Bereits am 20.12.2012, quasi im Weihnachtseinkaufsrausch und von den meisten Medien unbemerkt, ist der nördliche Teil des Mauerparks von der Immo AG an die Groth Gruppe verkauft worden. Nicht das erste Geschäft zwischen beiden Partner. Man kennt sich und auch die politisch Handelnden. Hoffentlich geht die Bebauung des südlichen Teils des Mauerparks ebenso forsch voran.

Wer sich schon jetzt eine bildliche Vorstellung von dem zukünftigen Neubaugebiet im nördlichen Teil des Mauerparks machen will, sollte die Webseite der Groth Gruppe besuchen. Hier finden sich unter der Rubrik Referenzen/Stadtquartiere Bilder vom Kirchsteigfeld in Potsdam, vom Wohngebiet Neu-Karow und vom Köbis Dreieck gegenüber dem Tiergarten, die erahnen lassen, wohin die architektonische Reise geht.

Klaus Groth selbst hat sich dahingegend geäußert, dass die Planung auf den, wegen seiner dichten Bebauung kritisierten, Lorentzen Entwurf zurückgeht und qualitative Verbesserungen erfolgen sollen. 150 Mio Euro werden investiert. Geplant ist, davon 600 Wohungen in 5 bis 6-geschossiger Bauweise als Eigentums- und Mietwohnungen zu bauen. Für die Mietwohnungen würden Nettokaltmieten von 7 bis 8,50 Euro angepeilt. Allerdings müßten dazu die Deckenhöhen abgesengt und auf Ausstattungsmerkmale wie Fußbodenheizung verzichtet werden. Auch der Erhalt eines „Grünen Bandes“ könnte knapp werden.
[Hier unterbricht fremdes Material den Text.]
lemma decay_bounds: "0 \<le> decay \<theta>" "decay \<theta> < 1"
  by (auto simp: decay_def)

lemma corr_adjacent_approx:
  assumes "j \<le> d" "k \<le> d" "gap j k = 1"
  shows "\<bar>corr \<theta> d j k - corr_ratio \<theta>\<bar> \<le> 2 * decay \<theta> ^ edge_dist d j k"
proof (cases "(sin (2 * \<theta>))\<^sup>2 < 1")
  case True
  then show ?thesis
    using corr_approx[OF corr_ratio_bounds corr_ratio_fixed_point assms(1,2)] assms(3)
    by (simp add: decay_def)
next
  case False
  then have s: "(sin (2 * \<theta>))\<^sup>2 = 1" using sin_sq_le_one[of "2 * \<theta>"] by linarith
  then have "(corr_ratio \<theta> - 1)\<^sup>2 = 0"
    using corr_ratio_fixed_point[of \<theta>] by (simp add: power2_eq_square algebra_simps)
  then show ?thesis
    using corr_eq_one[OF s assms(1,2)] decay_bounds[of \<theta>] by simp
qed

text \<open>On an edge of the lattice the exponent is 0, by truncated subtraction.\<close>
lemma parent_corr_approx:
  "\<bar>parent_corr \<theta> i - corr_ratio \<theta>\<bar> \<le> 2 * decay \<theta> ^ (min (fst i) (snd i) - 1)"
proof (cases "fst i = 0 \<or> snd i = 0")
  case True
  then show ?thesis using corr_ratio_bounds[of \<theta>] by (auto simp: parent_corr_def)
next
  case False
  then have "fst i - 1 \<le> level i - 1" "fst i \<le> level i - 1" "gap (fst i - 1) (fst i) = 1"
    and "edge_dist (level i - 1) (fst i - 1) (fst i) = min (fst i) (snd i) - 1"
    by (auto simp: edge_dist_def level_def gap_def)
  then show ?thesis
    using False corr_adjacent_approx[of "fst i - 1" "level i - 1" "fst i" \<theta>]
    by (simp add: parent_corr_def)
qed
Der Investor beabsichtigt, die Bürger im Rahmen eines runden Tisches in die Planung mit einzubeziehen. Die Bürgerwerkstatt will Ende Januar zu einem Info Abend einladen zu dem auch Nichtmitgleider gebeten werden.

Bedenklich stimmt, dass die Groth Gruppe bisher vor allem im Luxusbereich unterwegs war. Beispielsweise beim Projekt Villensiedlung Arkadia, der ersten „Gated Community“, also einem Wohnpark, wo nur Berechtigte zutritt haben. Im sozialen Wohnungsbau war man allerdings auch aktiv, vor allem dann, wenn  genügend Fördermittel zu vergeben waren. Über andere Involviertheiten wurde bereits berechtigt oder unberechtigt berichtet.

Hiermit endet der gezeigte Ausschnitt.